84: That Stolen Day

84: That Stolen Day

From Chicken Soup for the Soul: Best Mom Ever!

That Stolen Day

Life is not measured by the number of breaths we take, but by the moments that take our breath away.

~Maya Angelou

My mother was on a first-name basis with the school faculty within a month of me starting kindergarten. I am convinced she must have set a Guinness World Record for the number of parent-teacher conferences held in a single school year.

It started when she let her six-year-old pick out her own wardrobe. Three days in a row, I went to school proudly dressed like the 1980’s gold-medal gymnast Mary Lou Retton. Wearing pink leotards under a maroon one-piece swimsuit and leg warmers, I was the epitome of coolness. In my mind at least.

The school, however, was not impressed and sent a polite note home stating that I should wear something a bit more appropriate for school. They were right, my mother reasoned. So, we stepped up our fashion game and I dressed like Cyndi Lauper for two consecutive days before a parent-teacher conference was called. It would be the first of many.

I wasn’t necessarily a precocious child, but my mother was a very strong-willed lady and a notorious procrastinator, and I often got in trouble because of it. Things like late permission slips and missing lunch money, or her advice — “It really is okay not to sleep at naptime. Your teachers won’t mind.” — plagued me. There was always something, and often my mother was the underlying cause.

So when she randomly showed up on a warm fall day in first grade announcing a family emergency, my teachers thought nothing of it. I grabbed my Smurfs lunchbox and raced after her. The hallways were a sea of autumnal color, covered in art made by young and clumsy hands. Orange paper plates transformed into crooked jack-o-lanterns and a dozen variations of black cats cut from inky construction paper hissed at passers-by. To this day, fall and all the colors that accompany it trigger warm memories of my mother.

I kept whispering, “What’s wrong?” but she just kept walking and she wouldn’t answer me. As we reached her little white and blue– pinstriped Ford Ranger (which she had already wrecked twice), I was shaking with fear. As a frequent visitor to the ER at a young age, I was well aware that the word “emergency” meant something bad and painful that usually involved needles and shots.

As we closed the doors of her truck, she grabbed my hand and said, “The emergency is that I missed my daughter.” And then she told me that we were going to the lake, one of our favorite mother-daughter activities. I opened my mouth to cheer but before I got one gleeful screech out, she slapped my thigh, hard!

I was shocked and I started bawling. We rounded the corner of my school and drove past a row of windows filled with the curious faces of my classmates, noses pressed up against the glass.
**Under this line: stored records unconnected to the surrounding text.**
text \<open>If \<open>\<alpha> + i \<beta>\<close> with \<open>\<beta> \<noteq> 0\<close> were in the spectrum of \<open>h\<close>, then with \<open>y = h - \<alpha>\<close> the
  C*-identity would give \<open>(\<beta> + t)\<^sup>2 \<le> \<parallel>y + i t\<parallel>\<^sup>2 \<le> \<parallel>y\<parallel>\<^sup>2 + t\<^sup>2\<close> for all real \<open>t\<close>.\<close>
lemma spectrum_self_adjoint_real:
  assumes sa: "star h = h" and l: "l \<in> spectrum h"
  shows "Im l = 0"
proof (rule ccontr)
  assume b0: "Im l \<noteq> 0"
  define \<alpha> where "\<alpha> = Re l"
  define \<beta> where "\<beta> = Im l"
  define y where "y = h - scaleC (complex_of_real \<alpha>) 1"
  have ysa: "star y = y" unfolding y_def using sa by (simp add: star_diff star_scaleC)
  have key: "(\<beta> + t)\<^sup>2 \<le> norm y ^ 2 + t\<^sup>2" for t :: real
  proof -
    define c where "c = \<i> * complex_of_real t"
    define w where "w = y + scaleC c 1"
    have "w - scaleC (\<i> * complex_of_real (\<beta> + t)) 1 = h - scaleC l 1"
    proof -
      have "l = complex_of_real \<alpha> + \<i> * complex_of_real \<beta>"
        unfolding \<alpha>_def \<beta>_def by (simp add: complex_eq_iff)
      then show ?thesis unfolding w_def y_def c_def
        by (simp add: scaleC_add_left scaleC_diff_left algebra_simps distrib_left)
    qed
    then have "\<i> * complex_of_real (\<beta> + t) \<in> spectrum w" using l mem_spectrum_iff by simp
    then have "cmod (\<i> * complex_of_real (\<beta> + t)) \<le> norm w" by (rule norm_le_if_mem_spectrum)
    then have "\<bar>\<beta> + t\<bar> \<le> norm w" by (simp add: norm_mult flip: of_real_add)
    then have "(\<beta> + t)\<^sup>2 \<le> norm w ^ 2" by (metis abs_ge_zero power2_abs power_mono)
    also have "norm w ^ 2 = norm (star w * w)" by (simp add: cstar_identity)
    also have "star w * w = y * y + scaleC (complex_of_real (t\<^sup>2)) 1"
    proof -
      have "star w = y - scaleC c 1"
        unfolding w_def c_def by (simp add: star_add star_scaleC ysa scaleC_minus_left)
      then have "star w * w = (y - scaleC c 1) * (y + scaleC c 1)" by (simp add: w_def)
      also have "\<dots> = y * y + y * scaleC c 1 - scaleC c 1 * y - scaleC c 1 * scaleC c 1"
        by (simp add: algebra_simps)
      also have "\<dots> = y * y - scaleC c 1 * scaleC c 1"
        by (simp only: scaleC_one_mult mult_scaleC_one) simp
      also have "scaleC c 1 * scaleC c 1 = - scaleC (complex_of_real (t\<^sup>2)) 1"
        unfolding c_def by (simp add: scaleC_mult_both power2_eq_square scaleC_minus_left[symmetric])
          (rule arg_cong[where f="\<lambda>c. scaleC c 1"], simp add: algebra_simps)
      finally show ?thesis by simp
    qed
    also have "norm \<dots> \<le> norm (y * y) + t\<^sup>2"
      using norm_triangle_ineq[of "y * y" "scaleC (complex_of_real (t\<^sup>2)) 1"] by (simp add: norm_scaleC norm_power)
    also have "\<dots> = norm y ^ 2 + t\<^sup>2" using norm_square_self_adjoint[OF ysa] by simp
    finally show ?thesis .
  qed
  define t where "t = (norm y ^ 2 + 1) / (2 * \<beta>)"
  have "2 * \<beta> * t = norm y ^ 2 + 1" unfolding t_def using b0 \<beta>_def by simp
  moreover have "(\<beta> + t)\<^sup>2 = \<beta>\<^sup>2 + 2 * \<beta> * t + t\<^sup>2" by (simp add: power2_eq_square algebra_simps)
  ultimately show False using key[of t] by (smt (verit) zero_le_power2)
qed

lemma positive_elem_square:
  assumes sa: "star y = y"
  shows "positive_elem scaleC star (y * y)"
  unfolding positive_elem_def
proof
  show "star (y * y) = y * y" by (simp add: star_mult sa)
  show "\<forall>l\<in>spectrum (y * y). Im l = 0 \<and> 0 \<le> Re l"
  proof
  fix l assume l: "l \<in> spectrum (y * y)"
  show "Im l = 0 \<and> 0 \<le> Re l"
  proof (rule ccontr)
    assume nl: "\<not> (Im l = 0 \<and> 0 \<le> Re l)"
    define s where "s = csqrt l"
    have ss: "s * s = l" unfolding s_def by (metis power2_csqrt power2_eq_square)
    have "Im s \<noteq> 0"
    proof
      assume "Im s = 0"
      then have "Im l = 0 \<and> Re l = (Re s)\<^sup>2"
        by (simp add: complex_eq_iff power2_eq_square flip: ss)
      then show False using nl by simp
    qed
    then have "invertible_elem (y - scaleC s 1)" "invertible_elem (y - scaleC (- s) 1)"
      using spectrum_self_adjoint_real[OF sa, of s] spectrum_self_adjoint_real[OF sa, of "-s"]
      by (auto simp: mem_spectrum_iff)
    then have "invertible_elem ((y - scaleC s 1) * (y - scaleC (- s) 1))"
      by (rule invertible_elem_mult)
    also have "(y - scaleC s 1) * (y - scaleC (- s) 1) =
        y * y - y * scaleC (-s) 1 - scaleC s 1 * y + scaleC s 1 * scaleC (-s) 1"
      by (simp add: algebra_simps)
    also have "\<dots> = y * y - scaleC l 1"
      by (simp add: mult_scaleC_one scaleC_one_mult scaleC_scaleC scaleC_minus_left flip: ss)
    finally show False using l mem_spectrum_iff by blast
  qed
  qed
qed

end

section \<open>Spectral radius of self-adjoint elements\<close>

lemma one_diff_power_sum_left:
  fixes y :: "'a::ring_1"
  shows "(1 - y) * (\<Sum>j<n. y ^ j) = 1 - y ^ n"
proof (induction n)
  case (Suc n)
  have "(1 - y) * (\<Sum>j<Suc n. y ^ j) = (1 - y) * (\<Sum>j<n. y ^ j) + (1 - y) * y ^ n"
    by (simp add: distrib_left)
  also have "\<dots> = 1 - y ^ Suc n" by (simp only: Suc.IH power_Suc) (simp add: algebra_simps)
  finally show ?case .
qed simp

lemma one_diff_power_sum_right:
  fixes y :: "'a::ring_1"
  shows "(\<Sum>j<n. y ^ j) * (1 - y) = 1 - y ^ n"
proof (induction n)
  case (Suc n)
  have "(\<Sum>j<Suc n. y ^ j) * (1 - y) = (\<Sum>j<n. y ^ j) * (1 - y) + y ^ n * (1 - y)"
    by (simp add: distrib_right)
  also have "\<dots> = 1 - y ^ Suc n" by (simp only: Suc.IH power_Suc2) (simp add: algebra_simps)
  finally show ?case .
qed simp

text \<open>The key identities are \<open>A - 1 = A z\<close> and \<open>w = (1 - w) (B - 1)\<close>.\<close>
lemma norm_le_quarter_if_inverse_close:
  fixes A B z w :: "'a::real_normed_algebra_1"
  assumes A: "A * (1 - z) = 1" and B: "(1 - w) * B = 1" and M: "norm A \<le> M" "0 \<le> M"
    and z: "norm z \<le> 1 / (10 * (M + 1))" and AB: "norm (B - A) \<le> 1/10"
  shows "norm w \<le> 1/4"
proof -
  have "A - 1 = A * z" using A by (simp add: algebra_simps)
  then have "norm (A - 1) \<le> norm A * norm z" by (simp add: norm_mult_ineq)
  also have "\<dots> \<le> M * (1 / (10 * (M + 1)))" using M z by (intro mult_mono) auto
  also have "\<dots> \<le> 1/10" using M by (simp add: field_simps)
  finally have B1: "norm (B - 1) \<le> 1/5"
    using AB norm_triangle_ineq[of "B - A" "A - 1"] by simp
  have "w = (1 - w) * (B - 1)" using B by (simp add: algebra_simps)
  then have "norm w \<le> norm (1 - w) * norm (B - 1)" by (metis norm_mult_ineq)
  also have "\<dots> \<le> (1 + norm w) * (1/5)"
    using B1 norm_triangle_ineq4[of 1 w] by (intro mult_mono) auto
  finally have "norm w \<le> (1 + norm w) * (1/5)" .
  then show ?thesis by simp
qed

definition root_unity :: "nat \<Rightarrow> nat \<Rightarrow> complex" where
  "root_unity N k = exp (2 * of_real pi * \<i> * of_nat k / of_nat N)"

lemma norm_root_unity [simp]: "cmod (root_unity N k) = 1"
  unfolding root_unity_def by (simp add: norm_exp_eq_Re)

lemma root_unity_power_eq_1: "N \<ge> 1 \<Longrightarrow> root_unity N k ^ N = 1"
  unfolding root_unity_def using complex_root_unity[of N k] by simp

lemma sum_root_unity_power:
  assumes "N \<ge> 1" "j < N"
  shows "(\<Sum>k<N. (root_unity N k * c) ^ j) = (if j = 0 then of_nat N else 0)"
proof (cases "j = 0")
  case False
  define w where "w = exp (2 * of_real pi * \<i> * of_nat j / of_nat N)"
  have "root_unity N k ^ j = w ^ k" for k
  proof -
    have "root_unity N k ^ j = exp (of_nat j * (2 * of_real pi * \<i> * of_nat k / of_nat N))"
      unfolding root_unity_def by (rule exp_of_nat_mult[symmetric])
    also have "\<dots> = exp (of_nat k * (2 * of_real pi * \<i> * of_nat j / of_nat N))"
      by (simp add: algebra_simps)
    also have "\<dots> = w ^ k" unfolding w_def by (rule exp_of_nat_mult)
    finally show ?thesis .
  qed
  then have "(\<Sum>k<N. (root_unity N k * c) ^ j) = c ^ j * (\<Sum>k<N. w ^ k)"
    by (simp add: power_mult_distrib sum_distrib_left mult.commute)
  moreover have "w ^ N = 1" unfolding w_def using assms complex_root_unity by simp
  moreover have "w \<noteq> 1"
    unfolding w_def using assms False complex_root_unity_eq_1[of N j] by (auto dest: dvd_imp_le)
  ultimately show ?thesis using False by (simp add: geometric_sum)
qed simp

lemma power_mult_LIMSEQ_zero_below:
  fixes a :: "nat \<Rightarrow> real"
  assumes a: "\<And>N. a N \<ge> 0" and t: "eventually (\<lambda>N. t ^ N * a N \<le> 1/2) sequentially"
    and s: "0 \<le> s" "s < t"
  shows "(\<lambda>N. s ^ N * a N) \<longlonglongrightarrow> 0"
proof -
  have upper: "eventually (\<lambda>N. s ^ N * a N \<le> (s / t) ^ N * (1/2)) sequentially"
    using t
  proof eventually_elim
    case (elim N)
    have "s ^ N * a N = (s / t) ^ N * (t ^ N * a N)"
      using s by (simp add: power_divide)
    also have "\<dots> \<le> (s / t) ^ N * (1/2)" using elim s by (intro mult_left_mono) auto
    finally show ?case .
  qed
  have lower: "eventually (\<lambda>N. 0 \<le> s ^ N * a N) sequentially"
    using a s by simp
  have "(\<lambda>N. (s / t) ^ N * (1/2)) \<longlonglongrightarrow> 0"
    using s by (intro tendsto_mult_left_zero LIMSEQ_power_zero) simp
  then show ?thesis by (rule tendsto_sandwich[OF lower upper tendsto_const])
qed

lemma eventually_le_half_by_continuation:
  fixes a :: "nat \<Rightarrow> real" and \<eta> :: real
  assumes a: "\<And>N. a N \<ge> 0" and \<eta>: "\<eta> > 0"
    and step: "\<And>s t. 0 \<le> s \<Longrightarrow> s \<le> 1 \<Longrightarrow> 0 \<le> t \<Longrightarrow> t \<le> 1 \<Longrightarrow> \<bar>t - s\<bar> < \<eta> \<Longrightarrow>
      (\<lambda>N. s ^ N * a N) \<longlonglongrightarrow> 0 \<Longrightarrow> eventually (\<lambda>N. t ^ N * a N \<le> 1/2) sequentially"
  shows "eventually (\<lambda>N. a N \<le> 1/2) sequentially"
proof -
  define strong where "strong s \<longleftrightarrow> (\<lambda>N. s ^ N * a N) \<longlonglongrightarrow> 0" for s :: real
  define weak where "weak t \<longleftrightarrow> eventually (\<lambda>N. t ^ N * a N \<le> 1/2) sequentially" for t :: real
  have strong_0: "strong 0"
    unfolding strong_def by (rule LIMSEQ_imp_Suc) simp
  have strong_below: "strong s" if "weak t" "0 \<le> s" "s < t" for s t
    using a that(1)[unfolded weak_def] that(2,3) unfolding strong_def
    by (rule power_mult_LIMSEQ_zero_below)
  have "weak t" if "0 \<le> t" "t \<le> 1" "t \<le> real k * \<eta> / 2" for k t
    using that
  proof (induction k arbitrary: t)
    case 0
    then have "t = 0" by simp
    have "0 ^ N * a N \<le> 1/2" if "N \<ge> 1" for N :: nat
      using that by (simp add: power_0_left)
    then show ?case unfolding weak_def \<open>t = 0\<close> by (rule eventually_sequentiallyI)
  next
    case (Suc k)
    define t' where "t' = real k * \<eta> / 2"
    show ?case
    proof (cases "t \<le> t'")
      case True
      then show ?thesis using Suc unfolding t'_def by blast
    next
      case False
      have t': "0 \<le> t'" "t' < t" using False \<eta> unfolding t'_def by auto
      define s where "s = max 0 (t' - \<eta> / 4)"
      have "strong s"
      proof (cases "s = 0")
        case False
        have "weak t'" using Suc.IH[of t'] t' Suc.prems unfolding t'_def by simp
        with False show ?thesis using \<eta> unfolding s_def by (intro strong_below) auto
      qed (simp add: strong_0)
      moreover have "\<bar>t - s\<bar> < \<eta>"
      proof -
        have "t \<le> t' + \<eta> / 2" using Suc.prems(3) unfolding t'_def by (simp add: field_simps)
        then show ?thesis using t' \<eta> unfolding s_def by (auto simp: max_def)
      qed
      moreover have "0 \<le> s" "s \<le> 1" using t' Suc.prems \<eta> unfolding s_def by simp_all
      ultimately show ?thesis
        using step[of s t] Suc.prems unfolding strong_def weak_def by blast
    qed
  qed
  moreover obtain k :: nat where "2 / \<eta> \<le> real k" using real_arch_simple by blast
  then have "1 \<le> real k * \<eta> / 2" using \<eta> by (simp add: field_simps)
  ultimately have "weak 1" by simp
  then show ?thesis unfolding weak_def by simp
qed

context unital_cstar_algebra
begin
What they saw was my face contorted with sobs, howling just one word to my mother: “Why?” I’m quite sure they thought, “Wow. That must be some kind of emergency.”

Once we were safely out of sight, my mother pulled over and hugged me tight, apologizing for what she’d done. She said, “I’m sorry I slapped you, but if we came around that corner and all of your classmates and your teacher saw you cheering and clapping they would have known.”

That stolen day at the lake remains one of the best days of my life. After I stopped crying, we got happy meals at McDonald’s. We fed Cheetos to the squirrels. We splashed and played in the blue-green lake water, still warm enough in the Texas fall to swim in. We flew a kite and got it stuck in a tree. And we laughed until our cheeks hurt.

I didn’t ask the burning question on my mind. Was it really okay to skip school and play hooky with my mother at the lake? Wasn’t that breaking the rules?

Yes, of course it was — but my mother knew that sometimes rules needed to be bent. Even broken.

They say a mother’s intuition is one of the most powerful forces in the world, and I am convinced that’s true. My mother died that November, a little over a month after our trip to the lake, after a terrible accident resulted in septic shock.

My mother knew something that no one else did that day when she took me to the lake. Somehow, deep in her soul, she knew that her time with me was short. And she was willing to bend a few rules to get one more laugh with me, to get one more hug… to get one more day at the lake.

A month after my mother died, I remember sitting under the Christmas tree, horribly sad that we wouldn’t be able to exchange gifts anymore. But even in death, my mother came to the rescue. Normally, she waited until the last minute for everything. Except that year. She had secretly bought our presents in October and although she was gone — her love and her lessons weren’t.

Those lessons live on in my heart to this day. Trust your heart. Your instinct is smarter than you give it credit for. Find something every day that makes you laugh until your cheeks hurt. Don’t be so afraid of what everyone else thinks. If you want to dress like Mary Lou Retton, by all means girl — go for it!